Rozdział 24
Amulon prześladuje Almę i jego lud. Zostaną zabici, jeżeli będą się modlić. Pan sprawia, że ich brzemiona zdają się lekkie. Ratuje ich z niewoli i powracają do Zarahemli. W okresie lat 145–120 p.n.e.
1. I stało się, że Amulon zdobył przychylność w oczach króla Lamanitów; dlatego król Lamanitów zgodził się, aby Amulon i jego bracia zostali wyznaczeni na nauczycieli jego ludu w ziemi szemlońskiej i w ziemi szilomskiej, i w ziemi amulońskiej.
2. Albowiem Lamanici wzięli w posiadanie wszystkie te ziemie; dlatego król Lamanitów wyznaczył królów nad tymi wszystkimi ziemiami.
3. A królem Lamanitów był Laman, nazwany tak po swym ojcu; był on więc nazywany królem Lamanem. I był królem nad bardzo licznym ludem.

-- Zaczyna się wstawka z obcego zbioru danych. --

lemma lam_majorants:
  assumes "f \<in> Fcl 3" "k \<in> {1,2,3}" "f \<in> S3 k" "i \<in> {4*k-2..4*k+1} \<union> {1,14}" "S \<subseteq> {1..3}"
  shows "f S \<le> affine_indicator (lam f i) S"
proof (cases "i \<in> {1,14}")
  case True
  then show ?thesis using Fcl3_majorants assms(1,5) by blast
next
  case False
  with assms(2-4) show ?thesis
    using F31_majorants F32_majorants F33_majorants assms(5) by (auto simp: S3_def)
qed

lemma interpolates_lower_corner:
  assumes "f {} = 0" "\<forall>i\<in>{1..3}. 0 \<le> x i" "x 1 + x 2 + x 3 \<le> 1"
  shows "interpolates 3 f (lam f 1) x"
  using assms
  by (intro interpolates_weights3[of "1 - (x 1 + x 2 + x 3)" "x 1" "x 2" "x 3" 0 0 0 0])
    (auto simp: lam_affine_indicator_simps)

lemma interpolates_upper_corner:
  assumes "f {1,2,3} = 1" "\<forall>i\<in>{1..3}. x i \<le> 1" "2 \<le> x 1 + x 2 + x 3"
  shows "interpolates 3 f (lam f 14) x"
  using assms
  by (intro interpolates_weights3[of 0 0 0 0 "1 - x 3" "1 - x 2" "1 - x 1" "x 1 + x 2 + x 3 - 2"])
    (auto simp: lam_affine_indicator_simps insert_commute)

lemma interpolates_octahedron_1:
  assumes "f {} = 0" "f {1,2,3} = 1" "\<forall>i\<in>{1..3}. 0 \<le> x i \<and> x i \<le> 1"
    and "1 \<le> x 1 + x 2 + x 3" "x 1 + x 2 + x 3 \<le> 2"
  shows "\<exists>i\<in>{2..5}. interpolates 3 f (lam f i) x"
proof -
  have x: "0 \<le> x 1" "x 1 \<le> 1" "0 \<le> x 2" "x 2 \<le> 1" "0 \<le> x 3" "x 3 \<le> 1"
    using assms(3) by auto
  consider (below_below) "x 1 + x 2 \<le> 1" "x 1 + x 3 \<le> 1" | (below_above) "x 1 + x 2 \<le> 1" "1 \<le> x 1 + x 3"
    | (above_below) "1 \<le> x 1 + x 2" "x 1 + x 3 \<le> 1" | (above_above) "1 \<le> x 1 + x 2" "1 \<le> x 1 + x 3"
    by linarith
  then show ?thesis
  proof cases
    case below_below
    then show ?thesis
      using x assms(1,2,4,5)
      by (intro bexI[of _ 2] interpolates_weights3[of 0 "x 1" "1 - x 1 - x 3" "1 - x 1 - x 2" 0 0 "x 1 + x 2 + x 3 - 1" 0])
        (simp_all add: lam_affine_indicator_simps insert_commute)
  next
    case below_above
    then show ?thesis
      using x assms(1,2,4,5)
      by (intro bexI[of _ 3] interpolates_weights3[of 0 "1 - x 3" 0 "1 - x 1 - x 2" 0 "x 1 + x 3 - 1" "x 2" 0])
        (simp_all add: lam_affine_indicator_simps insert_commute)
  next
    case above_below
    then show ?thesis
      using x assms(1,2,4,5)
      by (intro bexI[of _ 4] interpolates_weights3[of 0 "1 - x 2" "1 - x 1 - x 3" 0 "x 1 + x 2 - 1" 0 "x 3" 0])
        (simp_all add: lam_affine_indicator_simps insert_commute)
  next
    case above_above
    then show ?thesis
      using x assms(1,2,4,5)
      by (intro bexI[of _ 5] interpolates_weights3[of 0 "2 - (x 1 + x 2 + x 3)" 0 0 "x 1 + x 2 - 1" "x 1 + x 3 - 1" "1 - x 1" 0])
        (simp_all add: lam_affine_indicator_simps insert_commute)
  qed
qed

lemma interpolates_octahedron_2:
  assumes "f {} = 0" "f {1,2,3} = 1" "\<forall>i\<in>{1..3}. 0 \<le> x i \<and> x i \<le> 1"
    and "1 \<le> x 1 + x 2 + x 3" "x 1 + x 2 + x 3 \<le> 2"
  shows "\<exists>i\<in>{6..9}. interpolates 3 f (lam f i) x"
proof -
  have x: "0 \<le> x 1" "x 1 \<le> 1" "0 \<le> x 2" "x 2 \<le> 1" "0 \<le> x 3" "x 3 \<le> 1"
    using assms(3) by auto
  consider (below_below) "x 2 + x 1 \<le> 1" "x 2 + x 3 \<le> 1" | (below_above) "x 2 + x 1 \<le> 1" "1 \<le> x 2 + x 3"
    | (above_below) "1 \<le> x 2 + x 1" "x 2 + x 3 \<le> 1" | (above_above) "1 \<le> x 2 + x 1" "1 \<le> x 2 + x 3"
    by linarith
  then show ?thesis
  proof cases
    case below_below
    then show ?thesis
      using x assms(1,2,4,5)
      by (intro bexI[of _ 6] interpolates_weights3[of 0 "1 - x 2 - x 3" "x 2" "1 - x 2 - x 1" 0 "x 1 + x 2 + x 3 - 1" 0 0])
        (simp_all add: lam_affine_indicator_simps insert_commute)
  next
    case below_above
    then show ?thesis
      using x assms(1,2,4,5)
      by (intro bexI[of _ 7] interpolates_weights3[of 0 0 "1 - x 3" "1 - x 2 - x 1" 0 "x 1" "x 2 + x 3 - 1" 0])
        (simp_all add: lam_affine_indicator_simps insert_commute)
  next
    case above_below
    then show ?thesis
      using x assms(1,2,4,5)
      by (intro bexI[of _ 8] interpolates_weights3[of 0 "1 - x 2 - x 3" "1 - x 1" 0 "x 1 + x 2 - 1" "x 3" 0 0])
        (simp_all add: lam_affine_indicator_simps insert_commute)
  next
    case above_above
    then show ?thesis
      using x assms(1,2,4,5)
      by (intro bexI[of _ 9] interpolates_weights3[of 0 0 "2 - (x 1 + x 2 + x 3)" 0 "x 1 + x 2 - 1" "1 - x 2" "x 2 + x 3 - 1" 0])
        (simp_all add: lam_affine_indicator_simps insert_commute)
  qed
qed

4. I wyznaczył nauczycieli spośród braci Amulona w każdej ziemi, którą zajmował jego lud; i tak zaczęto nauczać języka Nefiego pośród całego ludu Lamanitów.
5. I byli oni przyjaźnie usposobieni między sobą; jednakże nie znali Boga; ani też bracia Amulona nie nauczali ich niczego o Panu, ich Bogu, ani o prawie Mojżesza; ani nie uczyli ich słów Abinadiego.
6. Uczyli ich natomiast pisać, aby zapisywali swe dzieje i mogli pisać do siebie nawzajem.
7. I tak Lamanici zaczęli się bogacić i handlować ze sobą, i wzrastać w siłę, i stawali się sprytnym i mądrym ludem w pojęciu świata, zaiste, nawet bardzo sprytnym ludem, lubującym się we wszelkiego rodzaju niegodziwości i w plądrowaniu wszystkich poza swymi braćmi.
8. I teraz stało się, że Amulon zaczął sprawować władzę nad Almą i jego braćmi i zaczął go prześladować, i spowodował, że jego dzieci prześladowały ich dzieci.
9. Albowiem Amulon znał Almę i wiedział, że był jednym z kapłanów króla, i wiedział, że był tym, który dał wiarę słowom Abinadiego i został wypędzony sprzed oblicza króla, i dlatego mścił się na nim; i chociaż podlegał królowi Lamanowi, wykorzystywał swą władzę nad nimi, dodając im obowiązków i ustanawiając nad nimi nadzorców.
10. I stało się, że tak wielkie były ich udręki, że zaczęli wołać usilnie do Boga.
11. I Amulon nakazał im, aby przestali wznosić swoje wołania; i postawił strażników nad nimi, aby ich pilnowali, aby każdy, kogo znajdą wołającego do Boga, został uśmiercony.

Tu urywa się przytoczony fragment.